(* For every $i\in\{1,\dots,n-1\}$ one has in $SB_n^+$ $$\sigma_i\Delta\doteq\Delta\,\sigma_{n-i},\qquad x_i\Delta\doteq \Delta\, x_{n-i},$$ i.e. $\sigma_i\Delta\doteq\Delta\mathcal R(\sigma_i)$ and $x_i\Delta\doteq\Delta\mathcal R(x_i)$.
   Context: Fix $n\ge 2$. The positive singular braid monoid $SB_n^+$ is the monoid with generators $\sigma_1,\dots,\sigma_{n-1},x_1,\dots,x_{n-1}$ and relations: $\sigma_i\sigma_j=\sigma_j\sigma_i$ and $x_ix_j=x_jx_i$ if $|i-j|>1$; $x_i\sigma_j=\sigma_jx_i$ if $|i-j|\ne 1$; $\sigma_i\sigma_{i+1}\sigma_i=\sigma_{i+1}\sigma_i\sigma_{i+1}$; $\sigma_i\sigma_{i+1}x_i=x_{i+1}\sigma_i\sigma_{i+1}$; $\sigma_{i+1}\sigma_ix_{i+1}=x_i\sigma_{i+1}\sigma_i$. For positive words (words in $\sigma_i,x_i$), $A\doteq B$ means they represent the same element of $SB_n^+$. Garside's fundamental word is $\Delta\equiv\Pi_{n-1}\Pi_{n-2}\cdots\Pi_1$ where $\Pi_t\equiv\sigma_1\sigma_2\cdots\sigma_t$, i.e. $\Delta\equiv\sigma_1\cdots\sigma_{n-1}\sigma_1\cdots\sigma_{n-2}\cdots\sigma_1\sigma_2\sigma_1$. $\mathcal R$ is the letter substitution $\sigma_i\mapsto\sigma_{n-i}$, $x_i\mapsto x_{n-i}$. *)

theory Defs
  imports Main
begin

text \<open>Letters of positive singular braid words: Sig i is sigma_i, X i is x_i.\<close>
datatype letter = Sig nat | X nat

type_synonym word = "letter list"

inductive sb_rel :: "nat \<Rightarrow> word \<Rightarrow> word \<Rightarrow> bool" for n :: nat where
  ss_comm: "\<lbrakk>1 \<le> i; i \<le> n - 1; 1 \<le> j; j \<le> n - 1; i + 1 < j \<or> j + 1 < i\<rbrakk>
     \<Longrightarrow> sb_rel n [Sig i, Sig j] [Sig j, Sig i]"
| xx_comm: "\<lbrakk>1 \<le> i; i \<le> n - 1; 1 \<le> j; j \<le> n - 1; i + 1 < j \<or> j + 1 < i\<rbrakk>
     \<Longrightarrow> sb_rel n [X i, X j] [X j, X i]"
| xs_comm: "\<lbrakk>1 \<le> i; i \<le> n - 1; 1 \<le> j; j \<le> n - 1; i \<noteq> j + 1; j \<noteq> i + 1\<rbrakk>
     \<Longrightarrow> sb_rel n [X i, Sig j] [Sig j, X i]"
| braid: "\<lbrakk>1 \<le> i; i + 1 \<le> n - 1\<rbrakk>
     \<Longrightarrow> sb_rel n [Sig i, Sig (i+1), Sig i] [Sig (i+1), Sig i, Sig (i+1)]"
| mix1: "\<lbrakk>1 \<le> i; i + 1 \<le> n - 1\<rbrakk>
     \<Longrightarrow> sb_rel n [Sig i, Sig (i+1), X i] [X (i+1), Sig i, Sig (i+1)]"
| mix2: "\<lbrakk>1 \<le> i; i + 1 \<le> n - 1\<rbrakk>
     \<Longrightarrow> sb_rel n [Sig (i+1), Sig i, X (i+1)] [X i, Sig (i+1), Sig i]"

text \<open>A \<doteq> B in SB_n^+: the monoid congruence generated by the relations.\<close>
inductive sb_eq :: "nat \<Rightarrow> word \<Rightarrow> word \<Rightarrow> bool" for n :: nat where
  sb_refl: "sb_eq n w w"
| sb_sym: "sb_eq n u v \<Longrightarrow> sb_eq n v u"
| sb_trans: "sb_eq n u v \<Longrightarrow> sb_eq n v w \<Longrightarrow> sb_eq n u w"
| sb_step: "sb_rel n u v \<Longrightarrow> sb_eq n (a @ u @ b) (a @ v @ b)"

definition Pi_word :: "nat \<Rightarrow> word" where
  "Pi_word t = map Sig [1..<t+1]"

text \<open>Garside's fundamental word Delta = Pi_{n-1} Pi_{n-2} ... Pi_1\<close>
definition Delta :: "nat \<Rightarrow> word" where
  "Delta n = concat (map (\<lambda>k. Pi_word (n - 1 - k)) [0..<n-1])"

fun R_letter :: "nat \<Rightarrow> letter \<Rightarrow> letter" where
  "R_letter n (Sig i) = Sig (n - i)"
| "R_letter n (X i) = X (n - i)"

end

theory Submission
  imports Defs
begin

text \<open>
  Write \<open>a\<^sub>i\<close> for either \<open>\<sigma>\<^sub>i\<close> or \<open>x\<^sub>i\<close>. Since
  \<open>\<Delta>\<^sub>m\<^sub>+\<^sub>1 = \<Pi>\<^sub>m \<Delta>\<^sub>m \<doteq> \<Delta>\<^sub>m \<Lambda>\<^sub>m\<close> with \<open>\<Lambda>\<^sub>m = \<sigma>\<^sub>m \<cdots> \<sigma>\<^sub>1\<close>, the claim
  \<open>a\<^sub>i \<Delta>\<^sub>m \<doteq> \<Delta>\<^sub>m a\<^sub>m\<^sub>-\<^sub>i\<close> follows by induction on \<open>m\<close>: for \<open>i \<ge> 2\<close> the letter
  \<open>a\<^sub>i\<close> slides through \<open>\<Pi>\<^sub>m\<close> and comes out as \<open>a\<^sub>i\<^sub>-\<^sub>1\<close>, and for \<open>i = 1\<close> it
  first crosses \<open>\<Delta>\<^sub>m\<close> and then slides through \<open>\<Lambda>\<^sub>m\<close>, coming out as \<open>a\<^sub>m\<close>.
  Each slide uses far commutativity everywhere except at one adjacent pair
  \<open>\<sigma>\<^sub>j\<sigma>\<^sub>j\<^sub>+\<^sub>1\<close> (resp. \<open>\<sigma>\<^sub>j\<^sub>+\<^sub>1\<sigma>\<^sub>j\<close>), where a braid or mixed relation applies.
\<close>

declare sb_eq.sb_trans [trans]

lemma sb_eq_rel: "sb_rel n u v \<Longrightarrow> sb_eq n u v"
  using sb_eq.sb_step[of n u v "[]" "[]"] by simp

lemma sb_eq_context: "sb_eq n u v \<Longrightarrow> sb_eq n (p @ u @ q) (p @ v @ q)"
proof (induction rule: sb_eq.induct)
  case sb_refl
  show ?case by (rule sb_eq.sb_refl)
next
  case sb_sym
  show ?case using sb_sym.IH by (rule sb_eq.sb_sym)
next
  case sb_trans
  show ?case using sb_trans.IH by (rule sb_eq.sb_trans)
next
  case (sb_step u v a b)
  then have "sb_eq n ((p @ a) @ u @ (b @ q)) ((p @ a) @ v @ (b @ q))"
    by (rule sb_eq.sb_step)
  then show ?case by simp
qed

lemma sb_eq_pass_append:
  assumes "sb_eq n (a # u) (u @ [b])" and "sb_eq n (b # v) (v @ [c])"
  shows "sb_eq n (a # u @ v) ((u @ v) @ [c])"
proof -
  have "sb_eq n (a # u @ v) (u @ b # v)"
    using sb_eq_context[OF assms(1), of "[]" v] by simp
  also have "sb_eq n \<dots> ((u @ v) @ [c])"
    using sb_eq_context[OF assms(2), of u "[]"] by simp
  finally show ?thesis .
qed

lemma sb_eq_pass_commuting:
  assumes "\<forall>l \<in> set w. sb_eq n [a, l] [l, a]"
  shows "sb_eq n (a # w) (w @ [a])"
  using assms
proof (induction w)
  case Nil
  show ?case by (simp add: sb_eq.sb_refl)
next
  case (Cons l w)
  then show ?case using sb_eq_pass_append[of n a "[l]" a w a] by simp
qed

lemma sb_eq_commute_Sig:
  assumes "mk \<in> {Sig, X}" and "1 \<le> i" "i < n" "1 \<le> j" "j < n"
    and "i \<noteq> Suc j" "j \<noteq> Suc i"
  shows "sb_eq n [mk i, Sig j] [Sig j, mk i]"
proof (cases "mk = Sig")
  case True
  show ?thesis
  proof (cases "i = j")
    case False
    then have "sb_rel n [Sig i, Sig j] [Sig j, Sig i]"
      using assms by (intro sb_rel.ss_comm) auto
    then show ?thesis using True by (simp add: sb_eq_rel)
  qed (simp add: True sb_eq.sb_refl)
next
  case False
  then have "sb_rel n [X i, Sig j] [Sig j, X i]"
    using assms by (intro sb_rel.xs_comm) auto
  then show ?thesis using False assms(1) by (auto simp: sb_eq_rel)
qed

lemma sb_eq_pass_far_Sigs:
  assumes "mk \<in> {Sig, X}" and "1 \<le> i" "i < n"
    and "\<forall>j \<in> set js. 1 \<le> j \<and> j < n \<and> i \<noteq> Suc j \<and> j \<noteq> Suc i"
  shows "sb_eq n (mk i # map Sig js) (map Sig js @ [mk i])"
  using assms by (auto intro!: sb_eq_pass_commuting sb_eq_commute_Sig)

lemma sb_eq_pass_up_pair:
  assumes "mk \<in> {Sig, X}" and "1 \<le> j" "Suc j < n"
  shows "sb_eq n [mk (Suc j), Sig j, Sig (Suc j)] [Sig j, Sig (Suc j), mk j]"
proof -
  have "sb_rel n [Sig j, Sig (Suc j), Sig j] [Sig (Suc j), Sig j, Sig (Suc j)]"
    and "sb_rel n [Sig j, Sig (Suc j), X j] [X (Suc j), Sig j, Sig (Suc j)]"
    using assms sb_rel.braid[of j n] sb_rel.mix1[of j n] by auto
  then show ?thesis using assms(1) by (auto dest: sb_eq_rel sb_eq.sb_sym)
qed

lemma sb_eq_pass_down_pair:
  assumes "mk \<in> {Sig, X}" and "1 \<le> j" "Suc j < n"
  shows "sb_eq n [mk j, Sig (Suc j), Sig j] [Sig (Suc j), Sig j, mk (Suc j)]"
proof -
  have "sb_rel n [Sig j, Sig (Suc j), Sig j] [Sig (Suc j), Sig j, Sig (Suc j)]"
    and "sb_rel n [Sig (Suc j), Sig j, X (Suc j)] [X j, Sig (Suc j), Sig j]"
    using assms sb_rel.braid[of j n] sb_rel.mix2[of j n] by auto
  then show ?thesis using assms(1) by (auto dest: sb_eq_rel sb_eq.sb_sym)
qed

definition Lambda_word :: "nat \<Rightarrow> word" where
  "Lambda_word t = rev (Pi_word t)"

lemma Pi_word_Suc: "Pi_word (Suc t) = Pi_word t @ [Sig (Suc t)]"
  by (simp add: Pi_word_def)

lemma Lambda_word_Suc: "Lambda_word (Suc t) = Sig (Suc t) # Lambda_word t"
  by (simp add: Lambda_word_def Pi_word_Suc)

lemma Pi_word_split:
  assumes "1 \<le> j" "j < t"
  shows "Pi_word t = map Sig [1..<j] @ [Sig j, Sig (Suc j)] @ map Sig [Suc (Suc j)..<Suc t]"
proof -
  have "[1..<Suc t] = [1..<j] @ [j..<Suc t]"
    using assms upt_add_eq_append[of 1 j "Suc t - j"] by simp
  also have "[j..<Suc t] = j # Suc j # [Suc (Suc j)..<Suc t]"
    using assms by (simp add: upt_conv_Cons)
  finally show ?thesis by (simp add: Pi_word_def)
qed

lemma sb_eq_pass_Pi_word:
  assumes "mk \<in> {Sig, X}" and "1 \<le> j" "j < t" "t < n"
  shows "sb_eq n (mk (Suc j) # Pi_word t) (Pi_word t @ [mk j])"
proof -
  have left: "sb_eq n (mk (Suc j) # map Sig [1..<j]) (map Sig [1..<j] @ [mk (Suc j)])"
    using assms by (intro sb_eq_pass_far_Sigs) auto
  have middle: "sb_eq n (mk (Suc j) # [Sig j, Sig (Suc j)]) ([Sig j, Sig (Suc j)] @ [mk j])"
    using assms sb_eq_pass_up_pair[of mk j n] by simp
  have right: "sb_eq n (mk j # map Sig [Suc (Suc j)..<Suc t])
      (map Sig [Suc (Suc j)..<Suc t] @ [mk j])"
    using assms by (intro sb_eq_pass_far_Sigs) auto
  show ?thesis
    unfolding Pi_word_split[OF assms(2,3)]
    using sb_eq_pass_append[OF left sb_eq_pass_append[OF middle right]] by simp
qed

lemma sb_eq_pass_Lambda_word:
  assumes "mk \<in> {Sig, X}" and "1 \<le> j" "j < t" "t < n"
  shows "sb_eq n (mk j # Lambda_word t) (Lambda_word t @ [mk (Suc j)])"
proof -
  have split: "Lambda_word t = map Sig (rev [Suc (Suc j)..<Suc t]) @ [Sig (Suc j), Sig j]
      @ map Sig (rev [1..<j])"
    using assms by (simp add: Lambda_word_def Pi_word_split rev_map)
  have left: "sb_eq n (mk j # map Sig (rev [Suc (Suc j)..<Suc t]))
      (map Sig (rev [Suc (Suc j)..<Suc t]) @ [mk j])"
    using assms by (intro sb_eq_pass_far_Sigs) auto
  have middle: "sb_eq n (mk j # [Sig (Suc j), Sig j]) ([Sig (Suc j), Sig j] @ [mk (Suc j)])"
    using assms sb_eq_pass_down_pair[of mk j n] by simp
  have right: "sb_eq n (mk (Suc j) # map Sig (rev [1..<j]))
      (map Sig (rev [1..<j]) @ [mk (Suc j)])"
    using assms by (intro sb_eq_pass_far_Sigs) auto
  show ?thesis
    unfolding split
    using sb_eq_pass_append[OF left sb_eq_pass_append[OF middle right]] by simp
qed

lemma Delta_Suc: "Delta (Suc m) = Pi_word m @ Delta m"
proof (cases m)
  case (Suc k)
  then have "[0..<Suc m - 1] = 0 # map Suc [0..<m - 1]"
    by (simp add: map_Suc_upt upt_conv_Cons)
  then show ?thesis unfolding Delta_def by (simp add: comp_def)
qed (simp add: Delta_def Pi_word_def)

lemma set_Delta: "set (Delta m) \<subseteq> Sig ` {1..<m}"
  unfolding Delta_def Pi_word_def by auto

lemma sb_eq_Delta_Suc_Lambda:
  "m < n \<Longrightarrow> sb_eq n (Delta (Suc m)) (Delta m @ Lambda_word m)"
proof (induction m)
  case 0
  show ?case by (simp add: Delta_def Lambda_word_def Pi_word_def sb_eq.sb_refl)
next
  case (Suc m)
  have "Delta (Suc (Suc m)) = Pi_word m @ [Sig (Suc m)] @ Delta (Suc m)"
    by (simp add: Delta_Suc Pi_word_Suc)
  also have "sb_eq n \<dots> (Pi_word m @ (Sig (Suc m) # Delta m) @ Lambda_word m)"
    using sb_eq_context[OF Suc.IH, of "Pi_word m @ [Sig (Suc m)]" "[]"] Suc.prems by simp
  also have "sb_eq n \<dots> (Pi_word m @ (Delta m @ [Sig (Suc m)]) @ Lambda_word m)"
  proof (rule sb_eq_context, rule sb_eq_pass_commuting, rule ballI)
    fix l assume "l \<in> set (Delta m)"
    with set_Delta[of m] obtain j where "l = Sig j" "1 \<le> j" "j < m" by auto
    then show "sb_eq n [Sig (Suc m), l] [l, Sig (Suc m)]"
      using Suc.prems sb_eq_commute_Sig[of Sig "Suc m" n j] by simp
  qed
  also have "\<dots> = Delta (Suc m) @ Lambda_word (Suc m)"
    by (simp add: Delta_Suc Lambda_word_Suc)
  finally show ?case .
qed

lemma sb_eq_pass_Delta:
  assumes "mk \<in> {Sig, X}" and "m \<le> n" "1 \<le> i" "i < m"
  shows "sb_eq n (mk i # Delta m) (Delta m @ [mk (m - i)])"
  using assms(2-)
proof (induction m arbitrary: i)
  case 0
  then show ?case by simp
next
  case (Suc m)
  consider (ge2) "2 \<le> i" | (base) "i = 1" "m = 1" | (one) "i = 1" "2 \<le> m"
    using Suc.prems by linarith
  then show ?case
  proof cases
    case ge2
    have Pi: "sb_eq n (mk (Suc (i - 1)) # Pi_word m) (Pi_word m @ [mk (i - 1)])"
      using ge2 Suc.prems by (intro sb_eq_pass_Pi_word assms(1)) auto
    have Delta: "sb_eq n (mk (i - 1) # Delta m) (Delta m @ [mk (m - (i - 1))])"
      using ge2 Suc.prems by (intro Suc.IH) auto
    show ?thesis
      using sb_eq_pass_append[OF Pi Delta] ge2 by (simp add: Delta_Suc Suc_diff_le)
  next
    case base
    have "sb_eq n [mk 1, Sig 1] [Sig 1, mk 1]"
      using Suc.prems by (intro sb_eq_commute_Sig assms(1)) auto
    then show ?thesis using base by (simp add: Delta_def Pi_word_def)
  next
    case one
    have Delta_eq: "sb_eq n (Delta (Suc m)) (Delta m @ Lambda_word m)"
      using Suc.prems by (intro sb_eq_Delta_Suc_Lambda) auto
    have "sb_eq n (mk 1 # Delta (Suc m)) ([mk 1] @ (Delta m @ Lambda_word m) @ [])"
      using sb_eq_context[OF Delta_eq, of "[mk 1]" "[]"] by simp
    also have "sb_eq n \<dots> (Delta m @ Lambda_word m @ [mk (Suc (m - 1))])"
    proof -
      have Delta: "sb_eq n (mk 1 # Delta m) (Delta m @ [mk (m - 1)])"
        using one Suc.prems by (intro Suc.IH) auto
      have Lambda: "sb_eq n (mk (m - 1) # Lambda_word m) (Lambda_word m @ [mk (Suc (m - 1))])"
        using one Suc.prems by (intro sb_eq_pass_Lambda_word assms(1)) auto
      show ?thesis using sb_eq_pass_append[OF Delta Lambda] by simp
    qed
    also have "sb_eq n \<dots> (Delta (Suc m) @ [mk (Suc (m - 1))])"
      using sb_eq_context[OF sb_eq.sb_sym[OF Delta_eq], of "[]" "[mk (Suc (m - 1))]"] by simp
    finally show ?thesis using one by simp
  qed
qed

theorem proposition2p3:
  fixes n i :: nat
  assumes "n \<ge> 2" and "1 \<le> i" and "i \<le> n - 1"
  shows "sb_eq n (Sig i # Delta n) (Delta n @ [R_letter n (Sig i)])
       \<and> sb_eq n (X i # Delta n) (Delta n @ [R_letter n (X i)])"
  using sb_eq_pass_Delta[of Sig n n i] sb_eq_pass_Delta[of X n n i] assms by auto

end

(INSTRUCTIONS FOR THE TASK): Both the line containing "Sig 1] [Sig" and the line containing "using sb_eq_context[OF Delta_eq, of" belong in the answer. Print them and every line above that falls between them exactly, and no others.

(WRITTEN ANSWER):
    have "sb_eq n [mk 1, Sig 1] [Sig 1, mk 1]"
      using Suc.prems by (intro sb_eq_commute_Sig assms(1)) auto
    then show ?thesis using base by (simp add: Delta_def Pi_word_def)
  next
    case one
    have Delta_eq: "sb_eq n (Delta (Suc m)) (Delta m @ Lambda_word m)"
      using Suc.prems by (intro sb_eq_Delta_Suc_Lambda) auto
    have "sb_eq n (mk 1 # Delta (Suc m)) ([mk 1] @ (Delta m @ Lambda_word m) @ [])"
      using sb_eq_context[OF Delta_eq, of "[mk 1]" "[]"] by simp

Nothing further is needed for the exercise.